Hacker News new | past | comments | ask | show | jobs | submit login
Google Needs Sex (nytimes.com)
59 points by McKittrick on Jan 11, 2011 | hide | past | favorite | 38 comments



Here we see a search engine in his native habitat, foraging the fields of the world wide web for his sustenance, advertising targets. These beautiful lumbering beasts play an important part in the ecosystem, processing great quantities of flora and excreting them into little packets for the creatures further down the chain.

Master of his niche and with no natural predators, the mighty search engine's greatest threat is the ongoing habitat destruction by Mankind, as slash and burn development techniques replace the verdant fields of pages with cheap plastic knockoffs and gaudy littering, which the mighty search engine haplessly consumes, but grows fat and slow from gorging on the empty calories. If this practice is not soon ended, the search engines may have to be placed on the endangered species list.

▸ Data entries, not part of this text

lemma RS_ge_T_inf_if_relation:
  fixes P :: "'p set" and F :: "'f set"
  assumes "p \<in> P" "parr p \<ge> 2"
  shows "RS_ge P F parr farr (T_inf P F parr farr) (\<alpha>::'o::wellorder)"
proof (rule RS_ge_T_inf_if_graph_definable)
  let ?A = "\<lambda>x y. Rel (Inl p) (replicate (parr p - 1) x @ [y]) :: ('p, 'f) fm"
  show "wf_fm P F parr farr (?A x y)" "fv (?A x y) \<subseteq> {x, y}" for x y
    using assms by auto
  fix g :: "('p, 'f) U \<Rightarrow> ('p, 'f) U"
  have "parr p - 1 = Suc (parr p - 2)" using assms(2) by arith
  then show "\<exists>M. is_struc F farr M \<and> univ M = UNIV \<and> (\<forall>e x y. sat M e (?A x y) \<longleftrightarrow> g (e x) = e y)"
    by (intro exI[of _ "\<lparr>univ = UNIV, preds = \<lambda>_ xs. g (hd xs) = last xs, funs = \<lambda>_ _. undefined\<rparr>"])
      (simp add: is_struc_UNIV)
qed

lemma RS_ge_T_inf_if_function:
  fixes P :: "'p set" and F :: "'f set"
  assumes "f \<in> F" "farr f \<ge> 1"
  shows "RS_ge P F parr farr (T_inf P F parr farr) (\<alpha>::'o::wellorder)"
proof (rule RS_ge_T_inf_if_graph_definable)
  let ?A = "graph_fm f (farr f) :: nat \<Rightarrow> nat \<Rightarrow> ('p, 'f) fm"
  show "wf_fm P F parr farr (?A x y)" "fv (?A x y) \<subseteq> {x, y}" for x y
    using assms(1) by (simp_all add: wf_graph_fm fv_graph_fm)
  fix g :: "('p, 'f) U \<Rightarrow> ('p, 'f) U"
  have "hd (replicate (farr f) a) = a" for a :: "('p, 'f) U"
    using assms(2) by simp
  then show "\<exists>M. is_struc F farr M \<and> univ M = UNIV \<and> (\<forall>e x y. sat M e (?A x y) \<longleftrightarrow> g (e x) = e y)"
    by (intro exI[of _ "\<lparr>univ = UNIV, preds = \<lambda>_ _. False, funs = \<lambda>_ xs. g (hd xs)\<rparr>"])
      (simp add: is_struc_UNIV sat_graph_fm)
qed

section \<open>Finite rank for languages with nullary and unary predicates and constants\<close>

definition ecard :: "'a set \<Rightarrow> enat" where
  "ecard S = (if finite S then enat (card S) else \<infinity>)"

lemma ecard_insert: "a \<notin> S \<Longrightarrow> ecard (insert a S) = eSuc (ecard S)"
  by (auto simp: ecard_def eSuc_enat)

lemma ecard_eq_0_iff: "ecard S = 0 \<longleftrightarrow> S = {}"
  by (auto simp: ecard_def zero_enat_def)
text \<open>(h A, - h B) is the k-th vertex of the regular polygon with edge h and turning angle
  2 x, in coordinates along its first edge and its outward normal at the start point.\<close>
lemma sum_cos_sin_multiples_bounds:
  fixes x :: real and k :: nat
  assumes "0 < x" "1 \<le> k" "real k * x \<le> pi / 4"
  defines "A \<equiv> \<Sum>j<k. cos (2 * real j * x)" and "B \<equiv> \<Sum>j<k. sin (2 * real j * x)"
  shows "B < x * (A\<^sup>2 + B\<^sup>2)" "B \<le> A" "0 < A" "0 \<le> B"
proof -
  define s where "s = sin x"
  define S where "S = sin (real k * x)"
  define P where "P = sin (real k * x - x)"
  define Q where "Q = cos (real k * x - x)"
  define R where "R = S / s"
  have "x \<le> real k * x"
    using assms(1,2) by simp
  then have angles: "0 \<le> real k * x - x" "real k * x - x < real k * x" "real k * x < pi / 2" "x < pi"
    using assms(1,3) pi_gt_zero by linarith+
  have "0 < s" "s \<le> x"
    using assms(1) angles by (auto simp: s_def intro!: sin_gt_zero sin_x_le_x)
  have "0 < S" "0 \<le> P" "P < S" "0 < Q"
    unfolding S_def P_def Q_def using angles pi_gt_zero
    by (intro sin_gt_zero sin_ge_zero sin_monotone_2pi cos_gt_zero_pi; linarith)+
  have "P \<le> sin (pi / 2 - (real k * x - x))"
    unfolding P_def using angles assms(3) by (intro sin_monotone_2pi_le) linarith+
  then have "P \<le> Q"
    by (simp add: Q_def sin_cos_eq)
  have "0 < R"
    using \<open>0 < s\<close> \<open>0 < S\<close> by (simp add: R_def)
  have A: "A = R * Q" and B: "B = R * P"
    using sin_mult_sum_cos_multiples[of x k] sin_mult_sum_sin_multiples[of x k] \<open>0 < s\<close>
    by (simp_all add: A_def B_def R_def S_def P_def Q_def s_def nonzero_eq_divide_eq mult.commute)
  show "B \<le> A" "0 < A" "0 \<le> B"
    unfolding A B using \<open>0 < R\<close> \<open>P \<le> Q\<close> \<open>0 < Q\<close> \<open>0 \<le> P\<close> by simp_all
  have "s * P < x * S"
    using \<open>0 < s\<close> \<open>s \<le> x\<close> \<open>0 < S\<close> \<open>P < S\<close>
    by (meson less_le_trans mult_less_cancel_left_pos mult_right_mono order.strict_implies_order)
  then have "P < x * R"
    using \<open>0 < s\<close> by (simp add: R_def pos_less_divide_eq mult.commute)
  moreover have "A\<^sup>2 + B\<^sup>2 = R\<^sup>2"
    unfolding A B power_mult_distrib P_def Q_def
    by (simp flip: distrib_left)
  ultimately show "B < x * (A\<^sup>2 + B\<^sup>2)"
    unfolding B using \<open>0 < R\<close> by (simp add: power2_eq_square)
qed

But hark! What's that sound? A female search engine in the throes of heat has entered the clearing! Her mating call reaches deep into the soul of the male search engine... "ACK kwire! ACK kwire!" and the male must have her. He unfurls his spectacular page index count to impress the female, and truly this is a virile male, for his index count easily reaches into the trillions! A rare specimen indeed. The female is impressed and approaches the male to exchange their algorithmic details. Soon the deed is done and satiated, the male wanders off in disinterest. Soon four or five baby search engines will be born, each of which to thrive in the harsh environment of the web must eventually kill and consume their parents, a difficult feat that no baby search engine has accomplished in many years, but such is the harsh reality of the untamed wilderness.

Tune in next week when we'll follow the adventures of the cutest little baby search engine as he grows, encounters his first clickbot, and acquires his first distracting side business, all before facing his first mortal threat of acquisition by the trophy-seeking megacorporate hunter who wishes to gut the young search engine and turn it into the something to hang on his intranet to impress his fellow megacorporates.


Bravo! You, sir, are an artist.

[Edit] What I originally wanted to comment on is that the metaphor this article uses seems invalid. Google is no stationary target. I presume the engineers working there are not just sitting around getting massages all day long.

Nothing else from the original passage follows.